본문 바로가기

TroubleShooting/Cloud-native

[Kubernetes]Prometheus alert firing(etcd,kubelet,kube-proxy) in kubeadm Kubernetes

problem

kubeadm에 Prometheus를 설치하면 아래와 같은 Alert이 비정상적으로 발생한다. 각 컴포넌트를 수정하여 비정상적인 Alert을 삭제한다.

"TargetDown for kube-proxy"
"TargetDown for kubelet"
"TargetDown for etcd"
"KubeSchedulerDown"
"KubeControllerManagerDown"
"etcdInsufficientMembers"
"etcdMembersDown


Cause

cannot connect node-exporter to these pods(kube-proxy,kubelet,etcd,kube-scheduler,kube-controller-manager) that running with node IP


Solution

edit yaml file for opening pod IP and change health check url suitably


etcd

etcd.yaml

-listen-metrics-urls

- --listen-metrics-urls=http://0.0.0.0:2381

values.yaml

kubeEtcd:
  enabled: true

  ## If your etcd is not deployed as a pod, specify IPs it can be found on
  ##
  endpoints: []
  # - 10.141.4.22
  # - 10.141.4.23
  # - 10.141.4.24

  ## Etcd service.
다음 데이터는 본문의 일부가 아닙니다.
(* The X1-, X2- and X3-contributions to <[e2_L, nu_L], e2_L>, with s = sqrt L. *)
lemma normal_term_identity:
  fixes a b P Q R m s L DPV DQV DRW DRV DmW DaW DbW :: real
  assumes "a * DaW + b * DbW = 0" "a\<^sup>2 + b\<^sup>2 = 1" "a * Q = b * P" "s * s = L" "s \<noteq> 0"
  shows "(DPV - (R * DaW + DRW * a)) * (R * a) + (DQV - (R * DbW + DRW * b)) * (R * b)
      + L * (DRV / s - - (DmW / s) + R * a * Q - R * b * P + R * a * (R / s) - - (m / s) * P)
        * - (m / s)
    = R * (a * DPV + b * DQV - DRW) - m * (DRV + DmW + R\<^sup>2 * a + m * P)"
proof -
  have "L * (DRV / s - - (DmW / s) + R * a * Q - R * b * P + R * a * (R / s) - - (m / s) * P)
        * - (m / s) = - m * (DRV + DmW + R\<^sup>2 * a + m * P) - m * s * R * (a * Q - b * P)"
    using assms(5) by (simp add: assms(4)[symmetric] field_simps power2_eq_square)
  then show ?thesis
    using assms(1-3) by algebra
qed

section \<open>The limit at a non-characteristic point\<close>

locale noncharacteristic_point =
  fixes u :: "real^3 \<Rightarrow> real" and x :: "real^3"
  assumes C2: "C2_on Gset u" and x_in_G: "x \<in> Gset" and noncharacteristic: "lu u x \<noteq> 0"
begin

lemma x1_nonzero: "x $ 1 \<noteq> 0"
  using x_in_G by (simp add: Gset_def)

lemma differentiable_frame_derivatives:
  assumes "y \<in> Gset"
  shows "pu u differentiable (at y)" "qu u differentiable (at y)"
    "vfapp X3 u differentiable (at y)"
  unfolding pu_def qu_def
  by (rule differentiable_vfapp[OF C2 open_Gset assms];
      rule has_derivative_X1 has_derivative_X2 has_derivative_X3)+

lemma ru_eq: "y \<in> Gset \<Longrightarrow> ru L u y = vfapp X3 u y / sqrt L"
  using vfapp_scaleR[OF C2_on_differentiable[OF C2], of y "1 / sqrt L" X3]
  by (simp add: ru_def X3t_def[abs_def])

lemma open_noncharacteristic: "open {y \<in> Gset. lu u y \<noteq> 0}"
proof -
  have "continuous (at y) (lu u)" if "y \<in> Gset" for y
    using differentiable_frame_derivatives[OF that] unfolding lu_def[abs_def]
    by (intro continuous_intros differentiable_imp_continuous_within)
  then have "continuous_on Gset (lu u)"
    by (simp add: continuous_at_imp_continuous_on)
  then have "open (lu u -` (- {0}) \<inter> Gset)"
    using continuous_on_open_vimage[OF open_Gset] by blast
  moreover have "lu u -` (- {0}) \<inter> Gset = {y \<in> Gset. lu u y \<noteq> 0}"
    by blast
  ultimately show ?thesis
    by simp
qed

lemma has_derivative_frame_derivatives:
  "(pu u has_derivative dd (pu u) x) (at x)" "(qu u has_derivative dd (qu u) x) (at x)"
  "((\<lambda>y. vfapp X3 u y / c) has_derivative (\<lambda>h. dd (vfapp X3 u) x h / c)) (at x)"
proof -
  show "(pu u has_derivative dd (pu u) x) (at x)" "(qu u has_derivative dd (qu u) x) (at x)"
    using differentiable_frame_derivatives[OF x_in_G] by (simp_all add: dd_def[abs_def] frechet_derivative_works)
  have "(vfapp X3 u has_derivative dd (vfapp X3 u) x) (at x)"
    using differentiable_frame_derivatives[OF x_in_G] by (simp add: dd_def[abs_def] frechet_derivative_works)
  then show "((\<lambda>y. vfapp X3 u y / c) has_derivative (\<lambda>h. dd (vfapp X3 u) x h / c)) (at x)"
    by (rule bounded_linear.has_derivative[OF bounded_linear_divide])
qed

lemma pu_qu_sq_nonzero: "(pu u x)\<^sup>2 + (qu u x)\<^sup>2 + c\<^sup>2 \<noteq> 0"
  using noncharacteristic lu_sq[of u x]
  by (metis add_nonneg_eq_0_iff zero_le_power2 power_not_zero zero_neq_numeral)

lemma has_derivative_pbarL:
  "(pbarL L u has_derivative (\<lambda>h. unit_coord_deriv (pu u x) (qu u x) (vfapp X3 u x / sqrt L)
      (dd (pu u) x h) (dd (qu u) x h) (dd (vfapp X3 u) x h / sqrt L))) (at x)"
  using has_derivative_unit_coord[OF has_derivative_frame_derivatives pu_qu_sq_nonzero]
  by (rule has_derivative_transform_within_open[OF _ open_Gset x_in_G])
     (simp add: pbarL_def lLu_def ru_eq)

lemma has_derivative_qbarL:
  "(qbarL L u has_derivative (\<lambda>h. unit_coord_deriv (qu u x) (pu u x) (vfapp X3 u x / sqrt L)
      (dd (qu u) x h) (dd (pu u) x h) (dd (vfapp X3 u) x h / sqrt L))) (at x)"
proof -
  have "(qu u x)\<^sup>2 + (pu u x)\<^sup>2 + (vfapp X3 u x / sqrt L)\<^sup>2 \<noteq> 0"
    using pu_qu_sq_nonzero[of "vfapp X3 u x / sqrt L"] by (simp add: add_ac)
  from has_derivative_unit_coord[OF has_derivative_frame_derivatives(2,1,3) this] show ?thesis
    by (rule has_derivative_transform_within_open[OF _ open_Gset x_in_G])
       (simp add: qbarL_def lLu_def ru_eq add_ac)
qed

lemma has_derivative_rbarL:
  "(rbarL L u has_derivative (\<lambda>h. unit_coord_deriv (vfapp X3 u x / sqrt L) (pu u x) (qu u x)
      (dd (vfapp X3 u) x h / sqrt L) (dd (pu u) x h) (dd (qu u) x h))) (at x)"
proof -
  have "(vfapp X3 u x / sqrt L)\<^sup>2 + (pu u x)\<^sup>2 + (qu u x)\<^sup>2 \<noteq> 0"
    using pu_qu_sq_nonzero[of "vfapp X3 u x / sqrt L"] by (simp add: add_ac)
  from has_derivative_unit_coord[OF has_derivative_frame_derivatives(3,1,2) this] show ?thesis
    by (rule has_derivative_transform_within_open[OF _ open_Gset x_in_G])
       (simp add: rbarL_def lLu_def ru_eq add_ac)
qed

lemma has_derivative_pbar:
  "(pbar u has_derivative (\<lambda>h. unit_coord_deriv (pu u x) (qu u x) 0
      (dd (pu u) x h) (dd (qu u) x h) 0)) (at x)"
  using has_derivative_unit_coord[OF has_derivative_frame_derivatives(1,2) has_derivative_const[of 0]]
    pu_qu_sq_nonzero[of 0]
  by (simp add: pbar_def[abs_def] lu_def)

lemma has_derivative_qbar:
  "(qbar u has_derivative (\<lambda>h. unit_coord_deriv (qu u x) (pu u x) 0
      (dd (qu u) x h) (dd (pu u) x h) 0)) (at x)"
  using has_derivative_unit_coord[OF has_derivative_frame_derivatives(2,1) has_derivative_const[of 0]]
    pu_qu_sq_nonzero[of 0]
  by (simp add: qbar_def[abs_def] lu_def add.commute)

lemmas has_derivative_dd_coeffs =
  has_derivative_dd[OF has_derivative_pbar] has_derivative_dd[OF has_derivative_qbar]
  has_derivative_dd[OF has_derivative_pbarL] has_derivative_dd[OF has_derivative_qbarL]
  has_derivative_dd[OF has_derivative_rbarL]

lemma pbar_dd_orthogonal: "pbar u x * dd (pbar u) x h + qbar u x * dd (qbar u) x h = 0"
proof -
  have "((\<lambda>y. pbar u y * pbar u y + qbar u y * qbar u y) has_derivative
      (\<lambda>h. pbar u x * dd (pbar u) x h + dd (pbar u) x h * pbar u x
         + (qbar u x * dd (qbar u) x h + dd (qbar u) x h * qbar u x))) (at x)"
    by (intro has_derivative_add has_derivative_mult has_derivative_dd_coeffs)
  moreover have "((\<lambda>y. pbar u y * pbar u y + qbar u y * qbar u y) has_derivative (\<lambda>h. 0)) (at x)"
    by (rule has_derivative_transform_within_open[OF has_derivative_const open_noncharacteristic])
       (use x_in_G noncharacteristic pbar_qbar_sq in \<open>auto simp: power2_eq_square\<close>)
  ultimately have "(\<lambda>h. pbar u x * dd (pbar u) x h + dd (pbar u) x h * pbar u x
         + (qbar u x * dd (qbar u) x h + dd (qbar u) x h * qbar u x)) = (\<lambda>h. 0)"
    by (rule has_derivative_unique)
  from fun_cong[OF this, of h] show ?thesis
    by (simp add: mult.commute)
qed

lemma has_derivative_lu_div_lLu:
  "((\<lambda>y. lu u y / lLu L u y) has_derivative
     (\<lambda>h. pbar u x * dd (pbarL L u) x h + dd (pbar u) x h * pbarL L u x
        + (qbar u x * dd (qbarL L u) x h + dd (qbar u) x h * qbarL L u x))) (at x)"
proof -
  have "((\<lambda>y. pbar u y * pbarL L u y + qbar u y * qbarL L u y) has_derivative
     (\<lambda>h. pbar u x * dd (pbarL L u) x h + dd (pbar u) x h * pbarL L u x
        + (qbar u x * dd (qbarL L u) x h + dd (qbar u) x h * qbarL L u x))) (at x)"
    by (intro has_derivative_add has_derivative_mult has_derivative_dd_coeffs)
  then show ?thesis
    by (rule has_derivative_transform_within_open[OF _ open_noncharacteristic])
       (use x_in_G noncharacteristic in \<open>auto simp: lu_div_lLu_eq\<close>)
qed

lemma tendsto_pbarL: "((\<lambda>L. pbarL L u x) \<longlongrightarrow> pbar u x) at_top"
proof -
  have "((\<lambda>L. pu u x / sqrt ((pu u x)\<^sup>2 + (qu u x)\<^sup>2 + (vfapp X3 u x / sqrt L)\<^sup>2))
      \<longlongrightarrow> pu u x / sqrt ((pu u x)\<^sup>2 + (qu u x)\<^sup>2 + 0\<^sup>2)) at_top"
    by (intro tendsto_intros tendsto_div_sqrt_at_top[OF tendsto_const])
       (use pu_qu_sq_nonzero[of 0] in simp)
  then show ?thesis
    by (simp add: pbarL_def lLu_def ru_eq[OF x_in_G] pbar_def lu_def)
qed

lemma tendsto_qbarL: "((\<lambda>L. qbarL L u x) \<longlongrightarrow> qbar u x) at_top"
proof -
  have "((\<lambda>L. qu u x / sqrt ((pu u x)\<^sup>2 + (qu u x)\<^sup>2 + (vfapp X3 u x / sqrt L)\<^sup>2))
      \<longlongrightarrow> qu u x / sqrt ((pu u x)\<^sup>2 + (qu u x)\<^sup>2 + 0\<^sup>2)) at_top"
    by (intro tendsto_intros tendsto_div_sqrt_at_top[OF tendsto_const])
       (use pu_qu_sq_nonzero[of 0] in simp)
  then show ?thesis
    by (simp add: qbarL_def lLu_def ru_eq[OF x_in_G] qbar_def lu_def)
qed

lemma tendsto_rbarL: "((\<lambda>L. rbarL L u x) \<longlongrightarrow> 0) at_top"
proof -
  have "((\<lambda>L. (vfapp X3 u x / sqrt L)
        / sqrt ((pu u x)\<^sup>2 + (qu u x)\<^sup>2 + (vfapp X3 u x / sqrt L)\<^sup>2))
      \<longlongrightarrow> 0 / sqrt ((pu u x)\<^sup>2 + (qu u x)\<^sup>2 + 0\<^sup>2)) at_top"
    by (intro tendsto_intros tendsto_div_sqrt_at_top[OF tendsto_const])
       (use pu_qu_sq_nonzero[of 0] in simp)
  then show ?thesis
    by (simp add: rbarL_def lLu_def ru_eq[OF x_in_G])
qed

lemma tendsto_lu_div_lLu: "((\<lambda>L. lu u x / lLu L u x) \<longlongrightarrow> 1) at_top"
proof -
  have "((\<lambda>L. pbar u x * pbarL L u x + qbar u x * qbarL L u x)
      \<longlongrightarrow> (pbar u x)\<^sup>2 + (qbar u x)\<^sup>2) at_top"
    unfolding power2_eq_square by (intro tendsto_intros tendsto_pbarL tendsto_qbarL)
  then show ?thesis
    by (simp add: lu_div_lLu_eq[OF noncharacteristic] pbar_qbar_sq[OF noncharacteristic])
qed

lemma tendsto_dd_pbarL: "((\<lambda>L. dd (pbarL L u) x h) \<longlongrightarrow> dd (pbar u) x h) at_top"
  unfolding dd_eq_derivative[OF has_derivative_pbarL] dd_eq_derivative[OF has_derivative_pbar]
  by (intro tendsto_unit_coord_deriv tendsto_const tendsto_div_sqrt_at_top[OF tendsto_const]
      pu_qu_sq_nonzero)

lemma tendsto_dd_qbarL: "((\<lambda>L. dd (qbarL L u) x h) \<longlongrightarrow> dd (qbar u) x h) at_top"
  unfolding dd_eq_derivative[OF has_derivative_qbarL] dd_eq_derivative[OF has_derivative_qbar]
  by (intro tendsto_unit_coord_deriv tendsto_const tendsto_div_sqrt_at_top[OF tendsto_const])
     (use pu_qu_sq_nonzero[of 0] in \<open>simp add: add.commute\<close>)

lemma tendsto_dd_rbarL: "((\<lambda>L. dd (rbarL L u) x h) \<longlongrightarrow> 0) at_top"
proof -
  have "((\<lambda>L. dd (rbarL L u) x h) \<longlongrightarrow>
      unit_coord_deriv 0 (pu u x) (qu u x) 0 (dd (pu u) x h) (dd (qu u) x h)) at_top"
    unfolding dd_eq_derivative[OF has_derivative_rbarL]
    by (intro tendsto_unit_coord_deriv tendsto_const tendsto_div_sqrt_at_top[OF tendsto_const])
       (use pu_qu_sq_nonzero[of 0] in simp)
  then show ?thesis
    by (simp add: unit_coord_deriv_def)
qed

lemma tendsto_dd_lu_div_lLu: "((\<lambda>L. dd (\<lambda>y. lu u y / lLu L u y) x h) \<longlongrightarrow> 0) at_top"
proof -
  have "((\<lambda>L. dd (\<lambda>y. lu u y / lLu L u y) x h) \<longlongrightarrow>
      pbar u x * dd (pbar u) x h + dd (pbar u) x h * pbar u x
        + (qbar u x * dd (qbar u) x h + dd (qbar u) x h * qbar u x)) at_top"
    unfolding dd_eq_derivative[OF has_derivative_lu_div_lLu]
    by (intro tendsto_intros tendsto_pbarL tendsto_qbarL tendsto_dd_pbarL tendsto_dd_qbarL)
  moreover have "pbar u x * dd (pbar u) x h + dd (pbar u) x h * pbar u x
        + (qbar u x * dd (qbar u) x h + dd (qbar u) x h * qbar u x) = 0"
    using pbar_dd_orthogonal[of h] by algebra
  ultimately show ?thesis
    by simp
qed

lemma has_derivative_rbarL_div_sqrt:
  "((\<lambda>y. rbarL L u y / sqrt L) has_derivative (\<lambda>h. dd (rbarL L u) x h / sqrt L)) (at x)"
  by (rule bounded_linear.has_derivative[OF bounded_linear_divide has_derivative_dd_coeffs(5)])

lemma tangential_term_eq:
  "gL L x (lie (e1 u) (nuL L u) x) (e1 u x)
    = qbar u x * dd (pbarL L u) x (e1 u x) - pbar u x * dd (qbarL L u) x (e1 u x)"
  using pbar_dd_orthogonal[of "nuL L u x"]
  unfolding e1_frame nuL_frame
    lie_frame_vec[OF has_derivative_dd_coeffs(2) has_derivative_minus[OF has_derivative_dd_coeffs(1)]
      has_derivative_const has_derivative_dd_coeffs(3,4) has_derivative_rbarL_div_sqrt]
    gL_frame_vec[OF x1_nonzero]
  by algebra

lemma normal_term_eq:
  assumes "L > 0"
  shows "gL L x (lie (e2 L u) (nuL L u) x) (e2 L u x)
    = rbarL L u x * (pbar u x * dd (pbarL L u) x (e2 L u x) + qbar u x * dd (qbarL L u) x (e2 L u x)
        - dd (rbarL L u) x (nuL L u x))
      - lu u x / lLu L u x * (dd (rbarL L u) x (e2 L u x) + dd (\<lambda>y. lu u y / lLu L u y) x (nuL L u x)
        + (rbarL L u x)\<^sup>2 * pbar u x + lu u x / lLu L u x * pbarL L u x)"
proof -
  have "((\<lambda>y. - (lu u y / lLu L u y / sqrt L)) has_derivative
      (\<lambda>h. - (dd (\<lambda>y. lu u y / lLu L u y) x h / sqrt L))) (at x)"
    by (intro has_derivative_minus bounded_linear.has_derivative[OF bounded_linear_divide]
        has_derivative_dd[OF has_derivative_lu_div_lLu])
  note lie = lie_frame_vec[OF has_derivative_mult[OF has_derivative_dd_coeffs(5,1)]
      has_derivative_mult[OF has_derivative_dd_coeffs(5,2)] this
      has_derivative_dd_coeffs(3,4) has_derivative_rbarL_div_sqrt]
  show ?thesis
    unfolding e2_frame nuL_frame lie gL_frame_vec[OF x1_nonzero]
    by (rule normal_term_identity[OF pbar_dd_orthogonal pbar_qbar_sq[OF noncharacteristic]
          pbar_qbarL_eq]) (use assms in simp_all)
qed

lemma linear_dd_coeffs:
  "linear (dd (pbar u) x)" "linear (dd (qbar u) x)" "linear (dd (pbarL L u) x)"
  "linear (dd (qbarL L u) x)" "linear (dd (rbarL L u) x)"
  "linear (dd (\<lambda>y. lu u y / lLu L u y) x)"
  using has_derivative_dd_coeffs has_derivative_dd[OF has_derivative_lu_div_lLu]
  by (blast intro: has_derivative_linear)+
If using kubeEtcd.endpoints only the port and targetPort are used
  ##
  service: ##  Match port modified in --listen-metrics-urls
    port: 2381 ## 변경
    targetPort: 2381 ## 변경

kube-proxy

Edit kube-proxy config map

k edit cm kube-proxy -n kube-system

    kind: KubeProxyConfiguration
    metricsBindAddress: "0.0.0.0:10249" ## 추가
    mode: ""
    nodePortAddresses: null
    oomScoreAdj: null
    portRange: ""
    showHiddenMetricsForVersion: ""
    udpIdleTimeout: 0s
    winkernel:
      enableDSR: false
      networkName: ""
      sourceVip: ""

Edit configmap and restart kube-proxy pod


kubelet

values.yaml

resource: true
    # From kubernetes 1.18, /metrics/resource/v1alpha1 renamed to /metrics/resource
    resourcePath: "/metrics/resource"  ## Edit path

kube-controller-manager

/etc/kubernetes/manifests/kube-controller-manager.yaml

- --bind-address=0.0.0.0  # or [node ip] # orgin 127.0.0.1

values.yaml

kubeControllerManager:
  enabled: true

  ## If your kube controller manager is not deployed as a pod, specify IPs it can be found on
  ##
  endpoints: []
  # - 10.141.4.22
  # - 10.141.4.23
  # - 10.141.4.24

  ## If using kubeControllerManager.endpoints only the port and targetPort are used
  ##
  service:
    port: 10257 #10252 # 변경
    targetPort: 10257 #10252 # 변경
    # selector:
    #   component: kube-controller-manager

  serviceMonitor:
    ## Scrape interval. If not set, the Prometheus default scrape interval is used.
    ##
    interval: ""

    ## Enable scraping kube-controller-manager over https.
    ## Requires proper certs (not self-signed) and delegated authentication/authorization checks
    ##
    https: true #false # 변경

    # Skip TLS certificate validation when scraping
    insecureSkipVerify: true #null # 변경
  • 위 values.yaml 변경해도 안될 경우 아래 방법으로 진행

k edit -n prometheus servicemonitors.monitoring.coreos.com prometheus-prometheus-oper-kube-controller-manager

spec:
  endpoints:
  - bearerTokenFile: /var/run/secrets/kubernetes.io/serviceaccount/token
    port: http-metrics
    scheme: https
    tlsConfig:
      caFile: /var/run/secrets/kubernetes.io/serviceaccount/ca.crt
      insecureSkipVerify: true
  jobLabel: jobLabel

kube-scheduler

kube-controller-manager 와 같은 방법으로 수정

/etc/kubernetes/manifests/kube-scheduler.yaml

- --bind-address=10.50.103.136 #127.0.0.1

values.yaml

kubeScheduler:
  enabled: true

  ## If your kube scheduler is not deployed as a pod, specify IPs it can be found on
  ##
  endpoints: []
  # - 10.141.4.22
  # - 10.141.4.23
  # - 10.141.4.24

  ## If using kubeScheduler.endpoints only the port and targetPort are used
  ##
  service:
    port: 10259 #10251 #변경
    targetPort: 10259 #10251 #변경
    # selector:
    #   component: kube-scheduler

  serviceMonitor:
    ## Scrape interval. If not set, the Prometheus default scrape interval is used.
    ##
    interval: ""
    ## Enable scraping kube-scheduler over https.
    ## Requires proper certs (not self-signed) and delegated authentication/authorization checks
    ##
    https: true  #false # 변경

    ## Skip TLS certificate validation when scraping
    insecureSkipVerify: true  #null #변경